Reports, on rank 0: 1. Resolved FSDP strategy settings (sharding, mixed precision, policies). 2. Post-wrap module-tree statistics (FSDP units, CheckpointWrappers, top names). 3. Per-phase peak GPU memory (forward / backward / optimizer) for the first num_logged_batches training steps.

These three signals together let us distinguish OOM root causes
  • if (1) shows the wrong policy / dtype, the config is not right, eg. YAML did not merge correctly, etc.;
  • if (2) shows only one FSDP unit / no CheckpointWrappers, the auto-wrap or activation-checkpointing policy did not fire on the target layer class (so the model is effectively un-sharded or fully materialized);
  • if (3) shows the peak in forward, activation memory dominates; if in optimizer, parameter / state shards dominate.

FSDPDiagnosticsCallback

Bases: Callback

Lightning Callback that surfaces FSDP wrap and per-phase memory stats.

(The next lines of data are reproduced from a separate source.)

(* For $K\ge 1$ let $\Theta_K$ denote the $(K-1)$-simplex and, for cell counts $N=(N_1,\ldots,N_K)$ of nonnegative integers, let the Dirichlet-DSM posterior be the random set $$\mathbf e_N(Z)=\{\theta\in\Theta_K:\ \theta_1\ge Z_1,\ldots,\theta_K\ge Z_K\},\qquad (Z_0,Z_1,\ldots,Z_K)\sim\mathrm{Dirichlet}(1,N_1,\ldots,N_K).$$ For an assertion $A\subseteq\Theta_K$ define $p=\Pr(\mathbf e_N(Z)\subseteq A)$, $q=\Pr(\mathbf e_N(Z)\subseteq A^c)$, $r=1-p-q$. Let $P=\{i_1,\ldots,i_L\}$ be any partition of $\{1,\ldots,K\}$ into $L$ nonempty blocks, and for $\theta\in\Theta_K$ define the aggregate $\tilde\theta\in\Theta_L$ by $\tilde\theta_\ell=\sum_{k\in i_\ell}\theta_k$; similarly $\tilde N_\ell=\sum_{k\in i_\ell}N_k$. Then the Dirichlet-DSM is representation invariant: for every partition $P$ and every assertion $\tilde A\subseteq\Theta_L$, the triple $(p,q,r)$ for the assertion $A=\{\theta\in\Theta_K:\tilde\theta\in\tilde A\}$ computed from the Dirichlet-DSM with counts $N$ equals the triple $(p,q,r)$ for $\tilde A$ computed from the Dirichlet-DSM on $\Theta_L$ with counts $\tilde N$.
   Context: The Dirichlet distribution with some parameters equal to zero is understood in the degenerate sense: a coordinate whose parameter is $0$ equals $0$ almost surely. $A^c$ denotes the complement of $A$ in the relevant simplex. *)

theory Defs
  imports "HOL-Probability.Probability"
begin

text \<open>Gamma(n,1) distribution for a natural shape parameter n; shape 0 is the point mass at 0.
  For n \<ge> 1, Gamma(n,1) is the Erlang distribution with density x^(n-1) e^(-x)/(n-1)!.\<close>
definition gamma_nat :: "nat \<Rightarrow> real measure" where
  "gamma_nat n = (if n = 0 then return borel 0 else density lborel (erlang_density (n - 1) 1))"

definition dirichlet :: "nat \<Rightarrow> (nat \<Rightarrow> nat) \<Rightarrow> (nat \<Rightarrow> real) measure" where
  "dirichlet K alpha =
     distr (PiM {0..K} (\<lambda>i. gamma_nat (alpha i))) (PiM {0..K} (\<lambda>_. borel))
       (\<lambda>g. restrict (\<lambda>i. g i / (\<Sum>j=0..K. g j)) {0..K})"

definition simplex_K :: "nat \<Rightarrow> (nat \<Rightarrow> real) set" where
  "simplex_K K = {t. (\<forall>i\<in>{1..K}. 0 \<le> t i) \<and> (\<Sum>i=1..K. t i) = 1 \<and> (\<forall>i. i \<notin> {1..K} \<longrightarrow> t i = 0)}"

definition dsm_set :: "nat \<Rightarrow> (nat \<Rightarrow> real) \<Rightarrow> (nat \<Rightarrow> real) set" where
  "dsm_set K Z = {t \<in> simplex_K K. \<forall>k\<in>{1..K}. Z k \<le> t k}"

definition dsm_law :: "nat \<Rightarrow> (nat \<Rightarrow> nat) \<Rightarrow> (nat \<Rightarrow> real) measure" where
  "dsm_law K N = dirichlet K (\<lambda>i. if i = 0 then 1 else N i)"

definition dsm_p :: "nat \<Rightarrow> (nat \<Rightarrow> nat) \<Rightarrow> (nat \<Rightarrow> real) set \<Rightarrow> real" where
  "dsm_p K N A = measure (dsm_law K N) {Z \<in> space (dsm_law K N). dsm_set K Z \<subseteq> A}"

definition dsm_q :: "nat \<Rightarrow> (nat \<Rightarrow> nat) \<Rightarrow> (nat \<Rightarrow> real) set \<Rightarrow> real" where
  "dsm_q K N A = measure (dsm_law K N) {Z \<in> space (dsm_law K N). dsm_set K Z \<subseteq> simplex_K K - A}"

definition dsm_pqr :: "nat \<Rightarrow> (nat \<Rightarrow> nat) \<Rightarrow> (nat \<Rightarrow> real) set \<Rightarrow> real \<times> real \<times> real" where
  "dsm_pqr K N A = (dsm_p K N A, dsm_q K N A, 1 - dsm_p K N A - dsm_q K N A)"

text \<open>Partition of {1..K} into L nonempty blocks, given by a block-label map b onto {1..L}
  (block i_l = {k \<in> {1..K}. b k = l}).\<close>
definition block :: "nat \<Rightarrow> (nat \<Rightarrow> nat) \<Rightarrow> nat \<Rightarrow> nat set" where
  "block K b l = {k \<in> {1..K}. b k = l}"

definition aggregate :: "nat \<Rightarrow> nat \<Rightarrow> (nat \<Rightarrow> nat) \<Rightarrow> (nat \<Rightarrow> 'a::comm_monoid_add) \<Rightarrow> nat \<Rightarrow> 'a" where
  "aggregate K L b x = (\<lambda>l. if l \<in> {1..L} then (\<Sum>k\<in>block K b l. x k) else 0)"

end

theory Submission
  imports Defs
begin

text \<open>A Dirichlet vector is a normalised vector of independent Gamma variables, and a sum of
  independent Gamma variables is Gamma distributed with the shapes added. Hence the block sums Z'
  of Z ~ Dirichlet(1, N) are Dirichlet(1, N') distributed, N' being the block sums of N. On the
  other hand aggregation maps e_N(Z) onto e_N'(Z'): the block sums of a point above Z lie above Z',
  and conversely a point above Z' lifts by putting the slack of each block on one of its cells.
  So the events e_N(Z) \<subseteq> A and e_N(Z) \<subseteq> A^c are the events e_N'(Z') \<subseteq> A' and
  e_N'(Z') \<subseteq> A'^c, which have the same probabilities.\<close>

lemma sets_gamma_nat [simp, measurable_cong]: "sets (gamma_nat n) = sets borel"
  by (simp add: gamma_nat_def)

lemma space_gamma_nat [simp]: "space (gamma_nat n) = UNIV"
  by (simp add: gamma_nat_def)

lemma prob_space_gamma_nat: "prob_space (gamma_nat n)"
  unfolding gamma_nat_def by (auto intro!: prob_space_return prob_space_erlang_density)

lemma AE_gamma_nat_0: "AE x in gamma_nat 0. x = (0::real)"
  unfolding gamma_nat_def by simp (subst AE_return; auto)

lemma AE_gamma_nat_nonneg: "AE x in gamma_nat n. 0 \<le> (x::real)"
proof (cases "n = 0")
  case True
  then show ?thesis
    unfolding gamma_nat_def by simp (subst AE_return; auto)
next
  case False
  then show ?thesis
    unfolding gamma_nat_def by simp (subst AE_density; simp add: erlang_density_def)
qed

lemma (in prob_space) distr_add_gamma_nat_0:
  fixes X Y :: "'a \<Rightarrow> real"
  assumes [measurable]: "X \<in> borel_measurable M" "Y \<in> borel_measurable M"
    and X: "distr M borel X = gamma_nat 0"
  shows "distr M borel (\<lambda>x. X x + Y x) = distr M borel Y"
proof (rule distr_cong_AE)
  have "AE v in distr M borel X. v = 0"
    unfolding X by (rule AE_gamma_nat_0)
  then show "AE x in M. X x + Y x = Y x"
    by (subst (asm) AE_distr_iff) auto
qed auto

lemma (in prob_space) distr_add_gamma_nat:
  fixes X Y :: "'a \<Rightarrow> real"
  assumes ind: "indep_var borel X borel Y"
    and X: "distr M borel X = gamma_nat a" and Y: "distr M borel Y = gamma_nat b"
  shows "distr M borel (\<lambda>x. X x + Y x) = gamma_nat (a + b)"
proof -
  have [measurable]: "X \<in> borel_measurable M" "Y \<in> borel_measurable M"
    using ind by (auto elim: indep_var_rv1 indep_var_rv2)
  consider "a = 0" | "b = 0" | "0 < a" "0 < b"
    by blast
  then show ?thesis
  proof cases
    case 1
    then show ?thesis
      using distr_add_gamma_nat_0[of X Y] X Y by simp
  next
    case 2
    then show ?thesis
      using distr_add_gamma_nat_0[of Y X] X Y by (simp add: add.commute)
  next
    case 3
    have lborel_borel: "distr M lborel Z = distr M borel Z" for Z :: "'a \<Rightarrow> real"
      by (rule distr_cong) auto
    have "distributed M lborel X (erlang_density (a - 1) 1)"
      "distributed M lborel Y (erlang_density (b - 1) 1)"
      using X Y 3 by (auto simp: distributed_def lborel_borel gamma_nat_def)
    then have "distributed M lborel (\<lambda>x. X x + Y x) (erlang_density (Suc (a - 1) + Suc (b - 1) - 1) 1)"
      by (intro sum_indep_erlang ind) auto
    moreover have "Suc (a - 1) + Suc (b - 1) - 1 = a + b - 1"
      using 3 by simp
    ultimately show ?thesis
      using 3 by (simp add: distributed_def lborel_borel gamma_nat_def)
  qed
qed

definition gamma_vector :: "nat set \<Rightarrow> (nat \<Rightarrow> nat) \<Rightarrow> (nat \<Rightarrow> real) measure" where
  "gamma_vector I \<alpha> = PiM I (\<lambda>i. gamma_nat (\<alpha> i))"

lemma prob_space_gamma_vector: "prob_space (gamma_vector I \<alpha>)"
  unfolding gamma_vector_def by (intro prob_space_PiM prob_space_gamma_nat)

lemma sets_gamma_vector [measurable_cong]: "sets (gamma_vector I \<alpha>) = sets (PiM I (\<lambda>_. borel))"
  unfolding gamma_vector_def by (intro sets_PiM_cong) auto

lemma space_gamma_vector: "space (gamma_vector I \<alpha>) = PiE I (\<lambda>_. UNIV)"
  by (simp add: gamma_vector_def space_PiM)

lemma measurable_gamma_vector_component:
  "i \<in> I \<Longrightarrow> (\<lambda>g. g i) \<in> borel_measurable (gamma_vector I \<alpha>)"
  by (simp add: measurable_cong_sets[OF sets_gamma_vector refl])

lemma distr_gamma_vector_component:
  assumes "i \<in> I"
  shows "distr (gamma_vector I \<alpha>) borel (\<lambda>g. g i) = gamma_nat (\<alpha> i)"
proof -
  have "distr (gamma_vector I \<alpha>) borel (\<lambda>g. g i)
      = distr (gamma_vector I \<alpha>) (gamma_nat (\<alpha> i)) (\<lambda>g. g i)"
    by (rule distr_cong) auto
  also have "\<dots> = gamma_nat (\<alpha> i)"
    unfolding gamma_vector_def using assms by (intro distr_PiM_component prob_space_gamma_nat)
  finally show ?thesis .
qed

lemma indep_vars_gamma_vector:
  assumes "I \<noteq> {}"
  shows "prob_space.indep_vars (gamma_vector I \<alpha>) (\<lambda>_. borel) (\<lambda>i g. g i) I"
proof -
  interpret prob_space "gamma_vector I \<alpha>"
    by (rule prob_space_gamma_vector)
  have "distr (gamma_vector I \<alpha>) (PiM I (\<lambda>_. borel)) (\<lambda>g. \<lambda>i\<in>I. g i)
      = distr (gamma_vector I \<alpha>) (gamma_vector I \<alpha>) (\<lambda>g. g)"
    by (rule distr_cong) (auto simp: sets_gamma_vector space_gamma_vector)
  also have "\<dots> = gamma_vector I \<alpha>"
    by (rule distr_id2) simp
  also have "\<dots> = PiM I (\<lambda>i. distr (gamma_vector I \<alpha>) borel (\<lambda>g. g i))"
    unfolding gamma_vector_def[of I \<alpha>]
    by (intro PiM_cong refl) (simp add: distr_gamma_vector_component[unfolded gamma_vector_def])
  finally show ?thesis
    using assms by (subst indep_vars_iff_distr_eq_PiM') (auto intro: measurable_gamma_vector_component)
qed

lemma distr_gamma_vector_sum:
  assumes "finite J" "J \<subseteq> I"
  shows "distr (gamma_vector I \<alpha>) borel (\<lambda>g. \<Sum>j\<in>J. g j) = gamma_nat (\<Sum>j\<in>J. \<alpha> j)"
proof -
  interpret prob_space "gamma_vector I \<alpha>"
    by (rule prob_space_gamma_vector)
  show ?thesis
    using assms
  proof (induction J rule: finite_induct)
    case empty
    show ?case
      by (simp add: gamma_nat_def)
  next
    case (insert j J)
    have "indep_vars (\<lambda>_. borel) (\<lambda>i g. g i) (insert j J)"
      using indep_vars_gamma_vector[of I \<alpha>] insert.prems by (auto intro: indep_vars_subset)
    then have "indep_var borel (\<lambda>g. g j) borel (\<lambda>g. \<Sum>i\<in>J. g i)"
      using insert.hyps by (intro indep_vars_sum) auto
    then have "distr (gamma_vector I \<alpha>) borel (\<lambda>g. g j + (\<Sum>i\<in>J. g i))
        = gamma_nat (\<alpha> j + (\<Sum>i\<in>J. \<alpha> i))"
      using insert by (intro distr_add_gamma_nat distr_gamma_vector_component) auto
    then show ?case
      using insert.hyps by simp
  qed
qed

lemma distr_gamma_vector_block_sums:
  assumes "finite I" "I \<noteq> {}" "finite Ls" "Ls \<noteq> {}"
    and B: "\<And>l. l \<in> Ls \<Longrightarrow> B l \<subseteq> I" and disj: "disjoint_family_on B Ls"
  shows "distr (gamma_vector I \<alpha>) (PiM Ls (\<lambda>_. borel)) (\<lambda>g. \<lambda>l\<in>Ls. \<Sum>k\<in>B l. g k)
       = gamma_vector Ls (\<lambda>l. \<Sum>k\<in>B l. \<alpha> k)"
proof -
  interpret prob_space "gamma_vector I \<alpha>"
    by (rule prob_space_gamma_vector)
  have "indep_vars (\<lambda>l. PiM (B l) (\<lambda>_. borel)) (\<lambda>l g. restrict (\<lambda>i. g i) (B l)) Ls"
    using indep_vars_restrict[OF indep_vars_gamma_vector[OF \<open>I \<noteq> {}\<close>] B disj] by simp
  then have "indep_vars (\<lambda>_. borel) (\<lambda>l g. (\<lambda>x. \<Sum>k\<in>B l. x k) (restrict (\<lambda>i. g i) (B l))) Ls"
    by (rule indep_vars_compose2) (auto intro!: borel_measurable_sum measurable_component_singleton)
  then have "indep_vars (\<lambda>_. borel) (\<lambda>l g. \<Sum>k\<in>B l. g k) Ls"
    by (rule indep_vars_cong[THEN iffD1, rotated -1]) auto
  moreover have "random_variable borel (\<lambda>g. \<Sum>k\<in>B l. g k)" if "l \<in> Ls" for l
    using B that by (auto intro!: borel_measurable_sum measurable_gamma_vector_component)
  ultimately have "distr (gamma_vector I \<alpha>) (PiM Ls (\<lambda>_. borel)) (\<lambda>g. \<lambda>l\<in>Ls. \<Sum>k\<in>B l. g k)
      = PiM Ls (\<lambda>l. distr (gamma_vector I \<alpha>) borel (\<lambda>g. \<Sum>k\<in>B l. g k))"
    using \<open>Ls \<noteq> {}\<close> by (subst (asm) indep_vars_iff_distr_eq_PiM') auto
  also have "\<dots> = gamma_vector Ls (\<lambda>l. \<Sum>k\<in>B l. \<alpha> k)"
    unfolding gamma_vector_def[of Ls] using B \<open>finite I\<close>
    by (intro PiM_cong refl distr_gamma_vector_sum) (auto intro: finite_subset)
  finally show ?thesis .
qed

__init__(num_logged_batches=3, log_module_tree_top_k=5, log_to_logger=True)

Parameters:

Name Type Description Default
num_logged_batches int

How many of the first training batches to instrument with peak-memory measurements. Set to 0 to disable per-batch logging.

3
log_module_tree_top_k int

How many sample module names of each kind (FSDP unit, CheckpointWrapper) to print.

5
log_to_logger bool

If True and a Trainer logger is configured, also push memory metrics through trainer.logger.log_metrics.

True